Re: [PATCH v2] sched/eevdf: Force propagating min_slice of cfs_rq when a task changing slice

From: Tianchen Ding
Date: Thu Nov 14 2024 - 01:37:16 EST


On 2024/11/14 14:06, 解 咏梅 wrote:
Let analyze it case by case:P

say cgroup A has 3 tasks: task A, task B, task C

1) assign taskA's slice to 0.1 ms, task B, tack C, task C all have the default slice (0.75ms)

2) task A is picked by __schedule as next task, because task A is still on rq,
so the cfs_rq hierarchical doesn't have to change cfs_rq's min_slice, it will report it to the root cgroup

3) task A is preempted by other task, it's still runnable. it will be requeued cgroup A's cfs_rq. similar as case 2

4) task A is preempted since it's blocked, task A's se will be retained in cgroup A's cfs_rq until it reach 0-lag state.
4.1 before 0-lag, I guess it's similar as case 2
the logic is based on cfs_rq's avg_runtime, it supposed task A won't be pick as next task before it reach 0-lag state.
If my understanding is wrong, pls correct me. Thanks.
4.2 After it reached 0-lag state, If it's picked by pick_task_fair, it will be removed from cgroup A cfs_rq ultimately.
pick_next_entity->dequeue_entities(DEQUEUE_SLEEP | DEQUEUE_DELAYED)->__dequeue_entity (taskA)
so, cgroup A's cfs_rq min_slice will be re-calculated. So the cfs_rq hierarchical will modify their own min_slice bottom up.
4.3 After it reached 0-lag state, it will waked up. Because, the current __schedule() split the path for block/sleep from migration path. only migration path will call deactivate. so p->on_rq is still 1, ttwu_runnable will work for it to just call requeue_delayed_entity. similar as case 2

I think only case 1 has such problem.

Regards,
Yongmei.


I think you misunderstood the case. We're not talking about the DELAY_DEQUEUE feature. We're simply talking about enqueue(waking up) and dequeue(sleeping).
For convenience, let's turn DELAY_DEQUEUE off.

Consider the following cgroup hierarchy on one cpu:


root_cgroup
|
------------------------
| |
cgroup_A(curr) other_cgroups...
|
--------------
| |
any_se(curr) cgroup_B(runnable)
|
------------
| |
task_A(sleep) task_B(runnable)

Assume task_A has a smaller slice(0.1ms) and all other tasks have default slice(0.75ms).
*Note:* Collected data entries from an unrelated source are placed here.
(* Suppose $\mathsf{N}=(\mathsf{M}-1)\mathsf{T}+1$ and consider the coding scheme described in the context. For each $k=0,1,\dots,\mathsf{M}-1$ there exists a function $f_k:\mathbb{R}^{\mathsf{N}}\to\mathbb{R}$ (which may depend on $n$) such that $$\lim_{n\to\infty} f_k\big(\tilde V^{(1)},\dots,\tilde V^{(\mathsf{N})}\big)=D_k$$ for every realization of the random variables, where $\tilde V^{(j)}$ depends on $n$ through $\zeta_1(n),\zeta_2(n)$.
   Context: Let $\mathsf{M},\mathsf{T}$ be positive integers, $\eta>0$, $\sigma^2>0$. Real inputs $A_1,\dots,A_{\mathsf{M}}$. For each $i\in[\mathsf{M}]$ let $R_i$ (with variance $\sigma^2$) and $S_{i,1},\dots,S_{i,\mathsf{T}-1}$ be zero-mean random variables, all of them mutually independent and independent of the inputs. Let $\zeta_1(n),\zeta_2(n)$ be strictly positive sequences with $\lim_{n\to\infty}\zeta_1(n)/\zeta_2(n)=\lim_{n\to\infty}\zeta_2(n)=0$ and, when $\mathsf{T}\ge2$, $\lim_{n\to\infty}\zeta_2(n)^{\mathsf{T}/(\mathsf{T}-1)}/\zeta_1(n)=0$. Encoding polynomials: if $\mathsf{T}\ge2$, $p_i(x)=(A_i+R_i)+\zeta_2(n)\sum_{t=1}^{\mathsf{T}-1}S_{i,t}x^t+\zeta_1(n)R_ix^{\mathsf{T}}$; if $\mathsf{T}=1$, $p_i(x)=(A_i+R_i)+\zeta_1(n)R_ix$. Fix distinct reals $x_1,\dots,x_{\mathsf{N}}$; node $j$ outputs $\tilde V^{(j)}=\prod_{i=1}^{\mathsf{M}}p_i(x_j)$. Let $\alpha=\eta/(\sigma^2+\eta)$ and $Z_i=\alpha(A_i+R_i)-A_i$ (equivalently $Z_i=-\frac{\sigma^2}{\sigma^2+\eta}A_i+\frac{\eta}{\sigma^2+\eta}R_i$). For $k=0,\dots,\mathsf{M}-1$, $D_k=\sum_{\mathcal{S}\subseteq[\mathsf{M}],|\mathcal{S}|=k}\big(\prod_{i\in\mathcal{S}}A_i\big)\big(\prod_{l\notin\mathcal{S}}(A_l+Z_l)\big)$. *)

theory Defs
  imports Complex_Main
begin

text \<open>Encoding polynomial p_i evaluated at x, for a fixed n (through z1 = zeta_1(n), z2 = zeta_2(n)).
  Indices i in {1..M}, t in {1..T-1}.\<close>
definition enc_poly ::
  "nat \<Rightarrow> real \<Rightarrow> real \<Rightarrow> real \<Rightarrow> real \<Rightarrow> (nat \<Rightarrow> real) \<Rightarrow> real \<Rightarrow> real" where
  "enc_poly T z1 z2 a r s x =
     (if T \<ge> 2 then (a + r) + z2 * (\<Sum>t=1..T-1. s t * x ^ t) + z1 * r * x ^ T
      else (a + r) + z1 * r * x)"

definition node_output ::
  "nat \<Rightarrow> nat \<Rightarrow> real \<Rightarrow> real \<Rightarrow> (nat \<Rightarrow> real) \<Rightarrow> (nat \<Rightarrow> real) \<Rightarrow> (nat \<Rightarrow> nat \<Rightarrow> real)
     \<Rightarrow> real \<Rightarrow> real" where
  "node_output M T z1 z2 A R S xj = (\<Prod>i=1..M. enc_poly T z1 z2 (A i) (R i) (S i) xj)"

definition Zvar :: "real \<Rightarrow> real \<Rightarrow> real \<Rightarrow> real \<Rightarrow> real" where
  "Zvar \<eta> \<sigma>2 a r = (\<eta> / (\<sigma>2 + \<eta>)) * (a + r) - a"

definition Dk :: "nat \<Rightarrow> real \<Rightarrow> real \<Rightarrow> (nat \<Rightarrow> real) \<Rightarrow> (nat \<Rightarrow> real) \<Rightarrow> nat \<Rightarrow> real" where
  "Dk M \<eta> \<sigma>2 A R k =
     (\<Sum>S\<in>{S. S \<subseteq> {1..M} \<and> card S = k}.
        (\<Prod>i\<in>S. A i) * (\<Prod>l\<in>{1..M} - S. A l + Zvar \<eta> \<sigma>2 (A l) (R l)))"

end

theory Submission
  imports Defs "HOL-Computational_Algebra.Polynomial"
begin

(* Put u = zeta_1^(1/T). Node j evaluates at u x_j the polynomial Q = prod_i q_i with
   q_i(y) = (A_i + R_i) + sum_t zeta_2 S_(i,t) u^(-t) y^t + R_i y^T. The growth condition on
   zeta_2 kills the middle coefficients, so Q tends coefficientwise to prod_i (R_i y^T + A_i + R_i),
   whose coefficient of y^(jT) is the mixed elementary symmetric function e_j(R; A + R).
   Lagrange weights on the N = (M - 1) T + 1 nodes annihilate the monomials of degree below jT and
   extract y^(jT); after division by u^(jT) = zeta_1^j every higher term carries a positive power
   of u and vanishes. Finally A + Z = alpha (A + R), and expanding A_i = (A_i + R_i) - R_i turns D_k
   into alpha^(M-k) sum_(j<=k) (-1)^j C(M-j, k-j) e_j(R; A + R). *)

definition lagrange_basis :: "'i set \<Rightarrow> ('i \<Rightarrow> 'a::field) \<Rightarrow> 'i \<Rightarrow> 'a poly" where
  "lagrange_basis I x j =
     smult (inverse (\<Prod>i\<in>I - {j}. x j - x i)) (\<Prod>i\<in>I - {j}. [:- x i, 1:])"

lemma poly_lagrange_basis:
  assumes "finite I" "inj_on x I" "j \<in> I" "l \<in> I"
  shows "poly (lagrange_basis I x j) (x l) = (if l = j then 1 else 0)"
proof -
  have eval: "poly (lagrange_basis I x j) y = (\<Prod>i\<in>I - {j}. y - x i) / (\<Prod>i\<in>I - {j}. x j - x i)" for y
    by (simp add: lagrange_basis_def poly_prod field_simps)
  show ?thesis
  proof (cases "l = j")
    case True
    have "x j \<noteq> x i" if "i \<in> I - {j}" for i
      using assms that by (auto simp: inj_on_def)
    then have "(\<Prod>i\<in>I - {j}. x j - x i) \<noteq> 0"
      using assms(1) by simp
    then show ?thesis using True by (simp add: eval)
  next
    case False
    then have "(\<Prod>i\<in>I - {j}. x l - x i) = 0"
      using assms by (intro prod_zero) auto
    then show ?thesis using False by (simp add: eval)
  qed
qed

lemma degree_lagrange_basis:
  assumes "finite I" "j \<in> I"
  shows "degree (lagrange_basis I x j) \<le> card I - 1"
proof -
  have "degree (lagrange_basis I x j) \<le> (\<Sum>i\<in>I - {j}. degree [:- x i, 1:])"
    unfolding lagrange_basis_def
    by (rule order.trans[OF degree_smult_le])
       (use degree_prod_sum_le[of "I - {j}" "\<lambda>i. [:- x i, 1:]"] assms in \<open>simp add: o_def\<close>)
  also have "\<dots> = card I - 1" using assms by simp
  finally show ?thesis .
qed

lemma lagrange_interpolation:
  fixes p :: "'a::field poly"
  assumes "finite I" "inj_on x I" "degree p < card I"
  shows "p = (\<Sum>j\<in>I. smult (poly p (x j)) (lagrange_basis I x j))"
proof (rule poly_eqI_degree[where A = "x ` I"])
  fix y assume "y \<in> x ` I"
  then obtain l where l: "l \<in> I" "y = x l" by blast
  have "poly (\<Sum>j\<in>I. smult (poly p (x j)) (lagrange_basis I x j)) (x l) =
        (\<Sum>j\<in>I. if j = l then poly p (x j) else 0)"
    unfolding poly_sum poly_smult using assms l by (intro sum.cong refl) (auto simp: poly_lagrange_basis)
  then show "poly p y = poly (\<Sum>j\<in>I. smult (poly p (x j)) (lagrange_basis I x j)) y"
    using assms l by simp
next
  have "degree (\<Sum>j\<in>I. smult (poly p (x j)) (lagrange_basis I x j)) \<le> card I - 1"
    by (intro degree_sum_le order.trans[OF degree_smult_le] degree_lagrange_basis assms(1))
  then show "degree (\<Sum>j\<in>I. smult (poly p (x j)) (lagrange_basis I x j)) < card (x ` I)"
    using assms by (simp add: card_image)
qed (use assms in \<open>simp_all add: card_image\<close>)

lemma sum_coeff_lagrange_basis_mult_power:
  fixes x :: "'i \<Rightarrow> 'a::field"
  assumes "finite I" "inj_on x I" "d < card I"
  shows "(\<Sum>l\<in>I. coeff (lagrange_basis I x l) m * x l ^ d) = (if d = m then 1 else 0)"
proof -
  have "monom 1 d = (\<Sum>l\<in>I. smult (x l ^ d) (lagrange_basis I x l))"
    using lagrange_interpolation[of I x "monom 1 d"] assms by (simp add: degree_monom_eq poly_monom)
  then have "coeff (monom 1 d) m = (\<Sum>l\<in>I. x l ^ d * coeff (lagrange_basis I x l) m)"
    by (simp add: coeff_sum)
  then show ?thesis by (simp add: mult.commute)
qed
Because task_A is sleeping, it is not actually on the tree.

Now task_A is woken up. It is enqueued to cgroup_B. So slice of cgroup_B is updated to 0.1ms. This is ok.

However, Since cgroup_B is already on_rq, it cannot be "enqueued" again to cgroup_A. The code is running to the bottom half.(the second for_each_sched_entity loop in enqueue_task_fair)

So the slice of cgroup_A is not updated. It is still 0.75ms.

Thanks.